A: The U.S. Department of Labor (USDOL) announced its decision to reverse a Trump-era rule governing the employee/independent contractor distinction under the Fair Labor Standards Act (FLSA) that was scheduled to go into effect on March 8. The decision comes on the heels of another recent announcement by the Biden administration that requested public comment about its intention to rescind the Trump-era regulations governing joint employment under the FLSA, which went into effect in March 2020. Both reversals have significant implications for whether a company is considered an employer under the FLSA and thus subject to minimum wage, overtime, and recordkeeping requirements under the statute.
Joint Employment Rule To Be Rescinded
Last year, the Trump administration revised the FLSA’s joint employer rules (29 C.F.R. Part 791) to create a unified rule that harmonized an inconsistency that had developed after various federal circuit courts applied different tests for whether an employee is jointly employed by more than one employer. However, in September 2020, a federal district court in New York held that the revised joint employer rules violated the Administrative Procedures Act (APA). See Troutman Pepper’s discussion of that decision here. The court’s decision was pending an appeal in the Second Circuit at the time the Biden administration solicited public comments as to its intention to rescind the earlier rule.

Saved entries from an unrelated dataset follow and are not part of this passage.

lemma first_stree_search_tree:
  "subblock a K j off s \<Longrightarrow> is_search_tree (block_edges K 0) (block j off) (first_stree j off)"
proof (induction j arbitrary: off s)
  case (Suc j)
  let ?m = "mid j off" and ?o = "Suc (mid j off)" and ?E = "block_edges K 0"
  let ?X = "Node ?o (first_forest j ?o @ [Node ?m []])"
  note blk = Suc.prems
  have L: "is_search_tree ?E (block j off) (first_stree j off)"
    and R: "is_search_tree ?E (block j ?o) (first_stree j ?o)"
    using Suc.IH subblock.left[OF blk] subblock.right[OF blk] by blast+
  have "comps ?E ((block j ?o - {?o}) \<union> {?m}) = comps ?E (block j ?o - {?o}) \<union> comps ?E {?m}"
    using no_edge_right_mid[OF blk] by (intro comps_Un_no_edges) auto
  moreover have "insert ?m (block j ?o) - {?o} = (block j ?o - {?o}) \<union> {?m}" by auto
  moreover have "{?m} \<notin> comps ?E (block j ?o - {?o})"
    using comps_subset mid_notin_right[of off j] by blast
  ultimately have X: "is_search_tree ?E (insert ?m (block j ?o)) ?X"
    using R by auto
  have "comps ?E ((block j off - {off}) \<union> insert ?m (block j ?o))
    = comps ?E (block j off - {off}) \<union> comps ?E (insert ?m (block j ?o))"
    using left_right_disjoint[of j off] no_edge_left_mid_right[OF blk]
    by (intro comps_Un_no_edges) auto
  moreover have "comps ?E (insert ?m (block j ?o)) = {insert ?m (block j ?o)}"
    using mid_right_connected[OF blk] by (intro comps_eq_singleton) auto
  moreover have "block (Suc j) off - {off} = (block j off - {off}) \<union> insert ?m (block j ?o)"
    using offset_notin_right[of off j] block_size_pos[of j] by (auto simp: block_Suc)
  moreover have "insert ?m (block j ?o) \<notin> comps ?E (block j off - {off})"
    using comps_subset mid_notin_left[of off j] by blast
  ultimately show ?case
    using L X search_tree_verts[OF X] by (auto simp: block_Suc)
qed (simp add: block_def)

lemma block_weight_Suc_fun:
  "block_weight a (Suc j) off s
    = (\<lambda>x. block_weight a j off (a * s) x + block_weight a j (Suc (mid j off)) ((1 - a) * s) x)"
  by (rule ext) simp

lemma cost_centroid_stree:
  "cost (block_weight a j off s) (centroid_stree j off) = s * (1 + real j)
   \<and> tree_weight (block_weight a j off s) (centroid_stree j off) = s"
proof (induction j arbitrary: off s)
  case (Suc j)
  let ?m = "mid j off" and ?o = "Suc (mid j off)" and ?T = "centroid_stree (Suc j) off"
  let ?wl = "block_weight a j off (a * s)" and ?wr = "block_weight a j ?o ((1 - a) * s)"
  have zl: "\<forall>x\<in>verts (centroid_stree j ?o). ?wl x = 0" "?wl ?m = 0"
    and zr: "\<forall>x\<in>verts (centroid_stree j off). ?wr x = 0" "?wr ?m = 0"
    unfolding verts_centroid_stree using left_right_disjoint[of j off]
    by (auto intro!: block_weight_outside)
  have "cost ?wl ?T = a * s * (1 + real j) + a * s" "tree_weight ?wl ?T = a * s"
    "cost ?wr ?T = (1 - a) * s * (1 + real j) + (1 - a) * s" "tree_weight ?wr ?T = (1 - a) * s"
    using Suc.IH[of off "a * s"] Suc.IH[of ?o "(1 - a) * s"] zl(2) zr(2)
      cost_eq_0[OF zl(1)] tree_weight_eq_0[OF zl(1)] cost_eq_0[OF zr(1)] tree_weight_eq_0[OF zr(1)]
    by (simp_all add: cost_Node tree_weight_Node)
  then show ?case
    unfolding block_weight_Suc_fun cost_add tree_weight_add by (simp add: algebra_simps)
qed (simp add: cost_Node tree_weight_Node)

lemma cost_first_stree:
  "cost (block_weight a j off s) (first_stree j off) = s * (1 + real j * (1 - a))
   \<and> tree_weight (block_weight a j off s) (first_stree j off) = s"
proof (induction j arbitrary: off s)
  case (Suc j)
  let ?m = "mid j off" and ?o = "Suc (mid j off)" and ?T = "first_stree (Suc j) off"
  let ?X = "Node ?o (first_forest j ?o @ [Node ?m []])"
  let ?wl = "block_weight a j off (a * s)" and ?wr = "block_weight a j ?o ((1 - a) * s)"
  have "verts ?X = insert ?m (block j ?o)"
    using verts_first_stree[where j = j and off = ?o] by auto
  then have zl: "\<forall>x\<in>verts ?X. ?wl x = 0"
    and zr: "\<forall>x\<in>verts (first_stree j off). ?wr x = 0" "?wr ?m = 0"
    unfolding verts_first_stree using left_right_disjoint[of j off]
    by (auto intro!: block_weight_outside)
  have "cost ?wl ?T = a * s * (1 + real j * (1 - a))" "tree_weight ?wl ?T = a * s"
    "cost ?wr ?T = (1 - a) * s * (1 + real j * (1 - a)) + (1 - a) * s"
    "tree_weight ?wr ?T = (1 - a) * s"
    using Suc.IH[of off "a * s"] Suc.IH[of ?o "(1 - a) * s"] zr(2)
      cost_eq_0[OF zl] tree_weight_eq_0[OF zl] cost_eq_0[OF zr(1)] tree_weight_eq_0[OF zr(1)]
    by (simp_all add: cost_snoc tree_weight_snoc cost_Node tree_weight_Node)
  then show ?case
    unfolding block_weight_Suc_fun cost_add tree_weight_add by (simp add: algebra_simps)
qed (simp add: cost_Node tree_weight_Node)
(* Let $G$ be a connected graph on $n\ge2$ vertices, $\alpha\in\mathbb{R}$, with vertices labeled so that $({}^\alpha\mathbb{M})_1\ge({}^\alpha\mathbb{M})_2\ge\cdots\ge({}^\alpha\mathbb{M})_n$. Let $N=\max_{1\le i,j\le n} d_{ij}\mathbb{D}_j^\alpha/\mathbb{D}_i^\alpha$. Then for $1\le i\le n$, \[\rho(\mathbb{D}(G))\le \frac{({}^\alpha\mathbb{M})_i-N+\sqrt{(({}^\alpha\mathbb{M})_i+N)^2+4N\sum_{k=1}^{i-1}\big(({}^\alpha\mathbb{M})_k-({}^\alpha\mathbb{M})_i\big)}}{2}.\] Equality holds if and only if $({}^\alpha\mathbb{M})_1=\cdots=({}^\alpha\mathbb{M})_n$, or for some $2\le t\le i$: (i) $d_{kl}\mathbb{D}_l^\alpha/\mathbb{D}_k^\alpha=N$ for all $1\le k\le n$, $1\le l\le t-1$, $k\ne l$; (ii) $({}^\alpha\mathbb{M})_t=\cdots=({}^\alpha\mathbb{M})_n$.
   Context: $\mathbb{D}(G)=(d_{ij})$ is the distance matrix of $G$, $d_{ij}$ the distance between $v_i$ and $v_j$. The transmission of $v_i$ is $\mathbb{D}_i=\sum_{j}d_{ij}$. The generalized average transmission is $({}^\alpha\mathbb{M})_i=\frac{\sum_{j=1}^n d_{ij}\mathbb{D}_j^\alpha}{\mathbb{D}_i^\alpha}$. $\rho$ is the spectral radius. An empty sum equals $0$. *)

theory Defs
  imports Complex_Main "Jordan_Normal_Form.Spectral_Radius"
begin

definition simple_graph :: "nat \<Rightarrow> (nat \<Rightarrow> nat \<Rightarrow> bool) \<Rightarrow> bool" where
  "simple_graph n E \<longleftrightarrow>
     (\<forall>i j. E i j \<longrightarrow> i < n \<and> j < n) \<and> (\<forall>i j. E i j \<longrightarrow> E j i) \<and> (\<forall>i. \<not> E i i)"

definition is_walk :: "nat \<Rightarrow> (nat \<Rightarrow> nat \<Rightarrow> bool) \<Rightarrow> nat list \<Rightarrow> nat \<Rightarrow> nat \<Rightarrow> bool" where
  "is_walk n E p i j \<longleftrightarrow> p \<noteq> [] \<and> hd p = i \<and> last p = j \<and> (\<forall>v\<in>set p. v < n)
     \<and> (\<forall>m. Suc m < length p \<longrightarrow> E (p ! m) (p ! Suc m))"

definition connected_graph :: "nat \<Rightarrow> (nat \<Rightarrow> nat \<Rightarrow> bool) \<Rightarrow> bool" where
  "connected_graph n E \<longleftrightarrow> simple_graph n E \<and> (\<forall>i<n. \<forall>j<n. \<exists>p. is_walk n E p i j)"

definition gdist :: "nat \<Rightarrow> (nat \<Rightarrow> nat \<Rightarrow> bool) \<Rightarrow> nat \<Rightarrow> nat \<Rightarrow> nat" where
  "gdist n E i j = (LEAST k. \<exists>p. is_walk n E p i j \<and> length p = Suc k)"

text \<open>Distance matrix D(G) as a complex matrix (for the spectral radius).\<close>

definition dist_mat :: "nat \<Rightarrow> (nat \<Rightarrow> nat \<Rightarrow> bool) \<Rightarrow> complex mat" where
  "dist_mat n E = mat n n (\<lambda>(i, j). of_nat (gdist n E i j))"

definition transmission :: "nat \<Rightarrow> (nat \<Rightarrow> nat \<Rightarrow> bool) \<Rightarrow> nat \<Rightarrow> real" where
  "transmission n E i = (\<Sum>j<n. real (gdist n E i j))"

definition gen_avg_trans :: "nat \<Rightarrow> (nat \<Rightarrow> nat \<Rightarrow> bool) \<Rightarrow> real \<Rightarrow> nat \<Rightarrow> real" where
  "gen_avg_trans n E \<alpha> i =
     (\<Sum>j<n. real (gdist n E i j) * transmission n E j powr \<alpha>) / transmission n E i powr \<alpha>"

end

theory Submission
  imports Defs
begin

(*
  Write T_k = D_k^alpha and b_kl = d_kl T_l / T_k.  The matrix (b_kl) is similar to the distance
  matrix, its row sums are the M_k, and its off-diagonal entries lie in (0, N].  Let theta be the
  claimed bound, i.e. the larger root of theta (theta + N) = M_i (theta + N) + N S with
  S = sum_{k<i} (M_k - M_i), and take the test vector u_k = theta + N + (M_k - M_i) for k < i and
  u_k = theta + N otherwise.  A direct computation gives theta u_k - (b u)_k as a sum of the terms
  (N - b_kl)(M_l - M_i) for l < i, l ~= k, plus (M_i - M_k)(theta + N) for k >= i, all nonnegative
  since the M_k are sorted.  Comparing an eigenvector of modulus rho with the positive vector T u at
  a coordinate maximising their ratio then yields rho <= theta, and, because all off-diagonal
  distances are positive, equality forces every one of these defects to vanish, which is the
  stated equality condition.
*)

section \<open>Collatz--Wielandt type bounds for nonnegative matrices\<close>

lemma obtain_max_ratio:
  fixes x w :: "nat \<Rightarrow> real"
  assumes w_pos: "\<And>l. l < n \<Longrightarrow> 0 < w l" and x_nonneg: "\<And>l. l < n \<Longrightarrow> 0 \<le> x l"
    and k0: "k0 < n" "0 < x k0"
  obtains p m where "p < n" "0 < m" "x p = m * w p" "\<And>l. l < n \<Longrightarrow> x l \<le> m * w l"
proof -
  define q where "q l = x l / w l" for l
  have "Max (q ` {..<n}) \<in> q ` {..<n}"
    using k0(1) by (intro Max_in) auto
  then obtain p where p: "p < n" "q p = Max (q ` {..<n})" by auto
  have q_le: "q l \<le> q p" if "l < n" for l
    unfolding p(2) by (rule Max_ge) (use that in auto)
  have "0 < q k0"
    using k0 w_pos[OF k0(1)] by (simp add: q_def)
  show thesis
  proof
    show "0 < q p" using q_le[OF k0(1)] \<open>0 < q k0\<close> by simp
    show "x p = q p * w p" using w_pos[OF p(1)] by (simp add: q_def)
    show "x l \<le> q p * w l" if "l < n" for l
      using q_le[OF that] w_pos[OF that] by (simp add: q_def divide_le_eq)
  qed (fact p(1))
qed

lemma subinvariant_le_weighted_row_bound:
  fixes d :: "nat \<Rightarrow> nat \<Rightarrow> real" and x w :: "nat \<Rightarrow> real"
  assumes d_nonneg: "\<And>k l. k < n \<Longrightarrow> l < n \<Longrightarrow> 0 \<le> d k l"
    and w_pos: "\<And>l. l < n \<Longrightarrow> 0 < w l"
    and rows: "\<And>k. k < n \<Longrightarrow> (\<Sum>l<n. d k l * w l) \<le> \<theta> * w k"
    and x_nonneg: "\<And>l. l < n \<Longrightarrow> 0 \<le> x l" and k0: "k0 < n" "0 < x k0"
    and sub: "\<And>k. k < n \<Longrightarrow> \<mu> * x k \<le> (\<Sum>l<n. d k l * x l)"
  shows "\<mu> \<le> \<theta>"
proof -
  obtain p m where p: "p < n" "0 < m" "x p = m * w p" and x_le: "\<And>l. l < n \<Longrightarrow> x l \<le> m * w l"
    using obtain_max_ratio[of n w x, OF w_pos x_nonneg k0] by blast
  have "\<mu> * x p \<le> (\<Sum>l<n. d p l * x l)" by (rule sub[OF p(1)])
  also have "\<dots> \<le> (\<Sum>l<n. d p l * (m * w l))"
    by (intro sum_mono mult_left_mono x_le d_nonneg p(1)) auto
  also have "\<dots> = m * (\<Sum>l<n. d p l * w l)" by (simp add: sum_distrib_left ac_simps)
  also have "\<dots> \<le> m * (\<theta> * w p)" using rows[OF p(1)] p(2) by simp
  finally have "\<mu> * (m * w p) \<le> \<theta> * (m * w p)" using p(3) by (simp add: ac_simps)
  thus ?thesis using p(2) w_pos[OF p(1)] by simp
qed
lemma (in group) conjugate_fibre_eq_rcos_centralizer:
  assumes "n \<in> carrier G" "g \<in> carrier G"
  shows "{x \<in> carrier G. inv x \<otimes> n \<otimes> x = inv g \<otimes> n \<otimes> g} = centralizer G n #> g"
proof -
  interpret C: subgroup "centralizer G n" G
    using assms(1) by (rule subgroup_centralizer)
  have "x \<in> centralizer G n #> g \<longleftrightarrow> inv x \<otimes> n \<otimes> x = inv g \<otimes> n \<otimes> g"
    if x: "x \<in> carrier G" for x
  proof -
    have "x \<in> centralizer G n #> g \<longleftrightarrow> x \<otimes> inv g \<in> centralizer G n"
      using C.rcos_module[OF is_group assms(2) x] .
    also have "\<dots> \<longleftrightarrow> inv (x \<otimes> inv g) \<otimes> n \<otimes> (x \<otimes> inv g) = n"
      using conj_eq_self_iff_commute[OF assms(1), of "x \<otimes> inv g"] assms x
      unfolding centralizer_def by blast
    also have "\<dots> \<longleftrightarrow> inv x \<otimes> n \<otimes> x = inv g \<otimes> n \<otimes> g"
      using conj_eq_conj_iff[OF assms x] by (rule sym)
    finally show ?thesis .
  qed
  then show ?thesis
    using C.elemrcos_carrier[OF is_group assms(2)] by blast
qed

lemma (in group) card_conjugate_fibre_dvd_order:
  assumes "n \<in> carrier G" "g \<in> carrier G"
  shows "card {x \<in> carrier G. inv x \<otimes> n \<otimes> x = inv g \<otimes> n \<otimes> g} dvd order G"
proof -
  interpret C: subgroup "centralizer G n" G
    using assms(1) by (rule subgroup_centralizer)
  have "card (centralizer G n #> g) = card (centralizer G n)"
    using card_rcosets_equal[OF rcosetsI[OF C.subset assms(2)] C.subset] by (rule sym)
  also have "\<dots> dvd order G"
    unfolding lagrange[OF C.subgroup_axioms, symmetric] by (rule dvd_triv_right)
  finally show ?thesis
    unfolding conjugate_fibre_eq_rcos_centralizer[OF assms] .
qed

The USDOL now proposes to return to its earlier joint employer rules, citing the concerns noted by the federal court’s decision. In particular, the USDOL noted that it shared the court’s concerns that the joint employer rules were unreasonably narrow and approximated a “control test” to determine an employment relationship at common law. Per the USDOL, this “control test” is inconsistent with the FLSA because the statute’s definition of “employ” (i.e., “to suffer or permit to work”) has been noted in case law to be among the broadest definitions anywhere in the federal statutes and stretches the meaning of “employee” under the FLSA to cover areas that would not be covered by a strict application of traditional agency law. In particular, the USDOL criticized the Trump-era rule as not giving proper regard to the employee’s economic dependence on the potential joint employer (i.e., the “economic realities”).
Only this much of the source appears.